ソーシャルエディター津田:数日前に発表された「バレンシアガ」2024-25年秋冬コレクションの演出が目を引きました。会場の床や壁のモニターは、ショーの序盤は砂漠や大草原などの美しい自然を映し出します。しかし中盤になるにつれ、AIが猫や鳥のアニメーションをコラージュした自然の映像や、画面を埋めつくす大量のTikTokの動画に変化。フォトショップなどにより編集・加工され、現実とは異なるものとなり、社会を死に至らしめるコンテンツにもなりうる現代のSNS問題を、CG映像やTikTokの画面で表現したそうです。モデルがガムを噛みながらランウエイを歩く演出や、目深に被るどころか鼻先まであるビーニーも、氾濫する偽物の現実へのアンチテーゼなのでしょう。
最近、私生活でも身の回りのデトックスを始めたというデムナは、SNSの虚像の世界に疲れているのかもしれません。SNS担当の私が言っていいものかわかりませんが、その気持ちとてもよくわかります。
記者村上:SNSって、疲れますよねぇ(笑)。年に20回くらいしか投稿しなくなった私でさえそう思うんだから、津田さんたちのお疲れは察してあまりあります。

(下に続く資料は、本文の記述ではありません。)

(* Let $m\ge2$ and let $a_1,a_2,b_1,b_2,b_3,c_1,\dots,c_{2m+1}\in\mathbb{C}$ with $a_1\ne a_2$, $b_1,b_2,b_3$ pairwise distinct, $c_1,\dots,c_{2m+1}$ pairwise distinct, and $(m+1)a_1+ma_2=b_1+mb_2+mb_3+\sum_{i=1}^{2m+1}c_i$. Let ${\bf B},{\bf C}$ be the $(2m+1)\times(2m+1)$ matrices of the odd family defined in the context. Then ${\bf A}={\bf B}+{\bf C}$ is diagonalizable, with eigenvalue $a_1$ of multiplicity $m+1$ and $a_2$ of multiplicity $m$.
   Context: Notation: $p_i^{jk}=c_i+b_j-a_k$, $q_{ij}=c_i+c_j+b_2+b_3-a_1-a_2$; empty products are $1$. ${\bf B}$ has $B_{11}=b_1$, $B_{1+i,1+i}=b_2$ and $B_{m+1+i,m+1+i}=b_3$ ($1\le i\le m$), $B_{1,1+j}=(-1)^{m-j}p^{21}_{2m+1-j}\frac{\prod_{k=j+1}^m q_{k,2m+1-j}}{\prod_{k=m+1}^{2m-j}(c_k-c_{2m+1-j})}$ ($1\le j\le m$), $B_{1,m+1+j}=(-1)^{m-j}p^{31}_{m+1-j}\frac{\prod_{k=m+1+j}^{2m}q_{m+1-j,k}}{\prod_{k=1}^{m-j}(c_k-c_{m+1-j})}$ ($1\le j\le m$), $B_{1+i,m+1+j}=(-1)^{m-j}p^{31}_{m+1-j}\frac{\prod_{k=1,k\ne m+1-j}^{i}q_{k,2m+1-i}\prod_{k=m+1+j,k\ne2m+1-i}^{2m}q_{m+1-j,k}}{\prod_{k=2m+2-i}^{2m}(c_{2m+1-i}-c_k)\prod_{k=1}^{m-j}(c_k-c_{m+1-j})}$ ($1\le i,j\le m$), all other entries $0$. ${\bf C}$ has $C_{11}=c_{2m+1}$, $C_{1+i,1+i}=c_{2m+1-i}$, $C_{m+1+i,m+1+i}=c_{m+1-i}$ ($1\le i\le m$), $C_{1+i,1}=-\frac{\prod_{k=1}^i q_{k,2m+1-i}}{\prod_{k=2m+2-i}^{2m}(c_{2m+1-i}-c_k)}$ ($1\le i\le m$), $C_{m+1+i,1}=-\frac{\prod_{k=m+1}^{m+i}q_{m+1-i,k}}{\prod_{k=m+2-i}^m(c_{m+1-i}-c_k)}$ ($1\le i\le m$), $C_{m+1+i,1+j}=(-1)^{m-j}p^{21}_{2m+1-j}\frac{\prod_{k=m+1,k\ne2m+1-j}^{m+i}q_{m+1-i,k}\prod_{k=j+1,k\ne m+1-i}^m q_{k,2m+1-j}}{\prod_{k=m+2-i}^m(c_{m+1-i}-c_k)\prod_{k=m+1}^{2m-j}(c_k-c_{2m+1-j})}$ ($1\le i,j\le m$), all other entries $0$. *)

theory Defs
  imports Complex_Main "HOL-Computational_Algebra.Polynomial" "Jordan_Normal_Form.Char_Poly"
begin

definition diagonalizable :: "'a :: semiring_1 mat \<Rightarrow> bool" where
  "diagonalizable A \<longleftrightarrow> (\<exists>D. diagonal_mat D \<and> similar_mat A D)"

text \<open>Notation of the paper. The families a, b, c are indexed from 1.\<close>
definition pp :: "(nat \<Rightarrow> complex) \<Rightarrow> (nat \<Rightarrow> complex) \<Rightarrow> (nat \<Rightarrow> complex) \<Rightarrow> nat \<Rightarrow> nat \<Rightarrow> nat \<Rightarrow> complex" where
  "pp a b c i j k = c i + b j - a k"

definition qq :: "(nat \<Rightarrow> complex) \<Rightarrow> (nat \<Rightarrow> complex) \<Rightarrow> (nat \<Rightarrow> complex) \<Rightarrow> nat \<Rightarrow> nat \<Rightarrow> complex" where
  "qq a b c i j = c i + c j + b 2 + b 3 - a 1 - a 2"

definition Bent :: "nat \<Rightarrow> (nat \<Rightarrow> complex) \<Rightarrow> (nat \<Rightarrow> complex) \<Rightarrow> (nat \<Rightarrow> complex) \<Rightarrow> nat \<Rightarrow> nat \<Rightarrow> complex" where
  "Bent m a b c r s =
    (if r = 1 \<and> s = 1 then b 1
     else if 2 \<le> r \<and> r \<le> m + 1 \<and> s = r then b 2
     else if m + 2 \<le> r \<and> r \<le> 2*m + 1 \<and> s = r then b 3
     else if r = 1 \<and> 2 \<le> s \<and> s \<le> m + 1 then
       (let j = s - 1 in
         (-1) ^ (m - j) * pp a b c (2*m + 1 - j) 2 1
         * (\<Prod>k\<in>{j+1..m}. qq a b c k (2*m + 1 - j))
         / (\<Prod>k\<in>{m+1..2*m - j}. (c k - c (2*m + 1 - j))))
     else if r = 1 \<and> m + 2 \<le> s \<and> s \<le> 2*m + 1 then
       (let j = s - (m + 1) in
         (-1) ^ (m - j) * pp a b c (m + 1 - j) 3 1
         * (\<Prod>k\<in>{m+1+j..2*m}. qq a b c (m + 1 - j) k)
         / (\<Prod>k\<in>{1..m - j}. (c k - c (m + 1 - j))))
     else if 2 \<le> r \<and> r \<le> m + 1 \<and> m + 2 \<le> s \<and> s \<le> 2*m + 1 then
       (let i = r - 1; j = s - (m + 1) in
         (-1) ^ (m - j) * pp a b c (m + 1 - j) 3 1
         * ((\<Prod>k\<in>{1..i} - {m + 1 - j}. qq a b c k (2*m + 1 - i))
            * (\<Prod>k\<in>{m+1+j..2*m} - {2*m + 1 - i}. qq a b c (m + 1 - j) k))
         / ((\<Prod>k\<in>{2*m+2-i..2*m}. (c (2*m + 1 - i) - c k))
            * (\<Prod>k\<in>{1..m - j}. (c k - c (m + 1 - j)))))
     else 0)"

definition Cent :: "nat \<Rightarrow> (nat \<Rightarrow> complex) \<Rightarrow> (nat \<Rightarrow> complex) \<Rightarrow> (nat \<Rightarrow> complex) \<Rightarrow> nat \<Rightarrow> nat \<Rightarrow> complex" where
  "Cent m a b c r s =
    (if r = 1 \<and> s = 1 then c (2*m + 1)
     else if 2 \<le> r \<and> r \<le> m + 1 \<and> s = r then c (2*m + 1 - (r - 1))
     else if m + 2 \<le> r \<and> r \<le> 2*m + 1 \<and> s = r then c (m + 1 - (r - (m + 1)))
     else if 2 \<le> r \<and> r \<le> m + 1 \<and> s = 1 then
       (let i = r - 1 in
         - (\<Prod>k\<in>{1..i}. qq a b c k (2*m + 1 - i))
           / (\<Prod>k\<in>{2*m+2-i..2*m}. (c (2*m + 1 - i) - c k)))
     else if m + 2 \<le> r \<and> r \<le> 2*m + 1 \<and> s = 1 then
       (let i = r - (m + 1) in
         - (\<Prod>k\<in>{m+1..m+i}. qq a b c (m + 1 - i) k)
           / (\<Prod>k\<in>{m+2-i..m}. (c (m + 1 - i) - c k)))
     else if m + 2 \<le> r \<and> r \<le> 2*m + 1 \<and> 2 \<le> s \<and> s \<le> m + 1 then
       (let i = r - (m + 1); j = s - 1 in
         (-1) ^ (m - j) * pp a b c (2*m + 1 - j) 2 1
         * ((\<Prod>k\<in>{m+1..m+i} - {2*m + 1 - j}. qq a b c (m + 1 - i) k)
            * (\<Prod>k\<in>{j+1..m} - {m + 1 - i}. qq a b c k (2*m + 1 - j)))
         / ((\<Prod>k\<in>{m+2-i..m}. (c (m + 1 - i) - c k))
            * (\<Prod>k\<in>{m+1..2*m - j}. (c k - c (2*m + 1 - j)))))
     else 0)"
lemma integrals_lower_bound_if_samples_lower_bound:
  assumes family: "\<And>f. lipschitz_sum_family (h f) G L (B f) (M * \<nu> f)"
    and "0 \<le> M" "\<And>f. 0 \<le> \<nu> f" "0 < c"
    and T: "finite T" "T \<noteq> {}" "T \<subseteq> {0..L}"
    and lower: "\<And>f. c * \<nu> f \<le> (\<Sum>\<^sub>\<infinity>(g,s)\<in>G \<times> T. h f g s)"
  shows "\<exists>c'>0. \<forall>f. c' * \<nu> f \<le> (\<Sum>\<^sub>\<infinity>g\<in>G. integral {0..L} (h f g))"
proof -
  have "0 < L" by (rule lipschitz_sum_family.L_pos[OF family])
  define m where "m = real (card T)"
  have "0 < m" using T by (simp add: m_def card_gt_0_iff)
  \<comment> \<open>the averaging length \<open>e\<close> is chosen so small that the Lipschitz error is at most half the lower bound\<close>
  define e where "e = min L (c / (2 * m * M + 1))"
  have den: "0 < 2 * m * M + 1" using \<open>0 < m\<close> \<open>0 \<le> M\<close> by (simp add: add_nonneg_pos)
  have "0 < e" "e \<le> L" using \<open>0 < L\<close> \<open>0 < c\<close> den by (simp_all add: e_def)
  have "e \<le> c / (2 * m * M + 1)" by (simp add: e_def)
  then have "e * (2 * m * M + 1) \<le> c" using den by (simp add: pos_le_divide_eq)
  then have emM: "m * M * e \<le> c / 2" using \<open>0 < e\<close> by (simp add: algebra_simps)
  show ?thesis
  proof (intro exI[of _ "e * c / (2 * m)"] conjI allI)
    show "0 < e * c / (2 * m)" using \<open>0 < e\<close> \<open>0 < c\<close> \<open>0 < m\<close> by simp
    fix f
    let ?I = "\<Sum>\<^sub>\<infinity>g\<in>G. integral {0..L} (h f g)"
    have "e * (c * \<nu> f) \<le> e * (\<Sum>\<^sub>\<infinity>(g,s)\<in>G \<times> T. h f g s)"
      using lower[of f] \<open>0 < e\<close> by simp
    also have "\<dots> \<le> m * ?I + m * M * e * (e * \<nu> f)"
      using lipschitz_sum_family.infsum_samples_le_integrals[OF family T(1,3) \<open>0 < e\<close> \<open>e \<le> L\<close>, of f]
      by (simp add: m_def power2_eq_square mult_ac)
    also have "m * M * e * (e * \<nu> f) \<le> c / 2 * (e * \<nu> f)"
      by (rule mult_right_mono[OF emM]) (use \<open>0 < e\<close> \<open>0 \<le> \<nu> f\<close> in simp)
    finally have "e * c * \<nu> f / 2 \<le> m * ?I" by (simp add: algebra_simps)
    then show "e * c / (2 * m) * \<nu> f \<le> ?I" using \<open>0 < m\<close> by (simp add: field_simps)
  qed
qed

考えればクワイエット・ラグジュアリーって、SNS疲れも影響していると思うんです。インスタ全盛期の数年前、特に“つながる”手段がSNSに限られていたときは、インスタを高速スクロールするユーザーに注目されるよう、派手な色使いや一眼でわかるロゴ使い、極端なプロポーションバランスの洋服を主役にしたスタイルが台頭しました。でも多くのデザイナーは今、「洋服が主役ではなく、着る人が主役の洋服を」と考えています。結果、服作りの本質を追求するクワイエット・ラグジュアリーが支持されているのではないか?と。一方で、そんな洋服のプロモーションには、SNSで圧倒的なバズが巻き起こるセレブに依存する傾向がありますけれどね。
クワイエット・ラグジュアリーのみならず、最近はいろんな事象がSNS疲れとリンクしているようにも思えます。Xの低迷とか、リアル店舗への回帰とか、昔流行ったもののリバイバルとか。もちろん、いずれもSNSと無関係ではなく、最終的にはSNSの力を借りてブレイクしていると思うのですが、少なくとも「SNSだけじゃない世界」を人々が欲しているのは間違いなさそうですね。
矛盾しているようにも聞こえますが、SNS疲れを感じさせるSNS投稿などの潮流ってあるんでしょうか?
SNS疲れの影響で台頭する「Photo Dump」や「BeReal」
津田:フォロワー数の推移に一喜一憂する日々は正直疲れますね。もちろん仕事なので数値の分析はとても重要ですが、目先のフォロワー数だけにとらわれず、「WWDJAPAN」のSNSをフォローしてくれている方の「楽しい」「もっと見たい」を引き出せるコンテンツを作りたいですね。
SNSでのSNS疲れを感じさせる投稿、矛盾しているようですが確かに潮流があります。昔と比べ、煌びやかでおしゃれな生活をアピールする投稿やフォトジェニックな写真などは減ってきていて、リアルで嘘がない素の姿を見せる時代に変化しつつあります。例を挙げると、日常の中でなんとなく撮影した写真を時系列など関係なくまとめて投稿する「Photo Dump」的な投稿が増えています。リアルな姿を投稿する「BeReal(ビー リアル)」がZ世代で流行っているのも同様の流れでしょう。
村上:そういえば昔、インフルエンサー育成企画があったんです(笑)。1年で1万フォロワーを目指すみたいなテンションで、その過程で映える写真や共感される文章作り、目にとまるハッシュタグなどのテクニックを伝えようとした企画でしたが、インフルエンサーの卵はキラキラした写真を撮ろうと頑張っていましたねぇ(笑)。もう、そういう時代じゃないかもですね。
「WWDJAPAN」で連載している販売員に向けたインスタ講座でも、講師の木村麗さんは気軽にできる、毎日続けられるノウハウを伝授しています。ちょっとだけキラキラできるテクニックはあるものの、等身大+αくらいな印象です。そのほうが、インスタ疲れせず、長く付き合っていけますもんね。
次回はビューティのトピックをお送りします。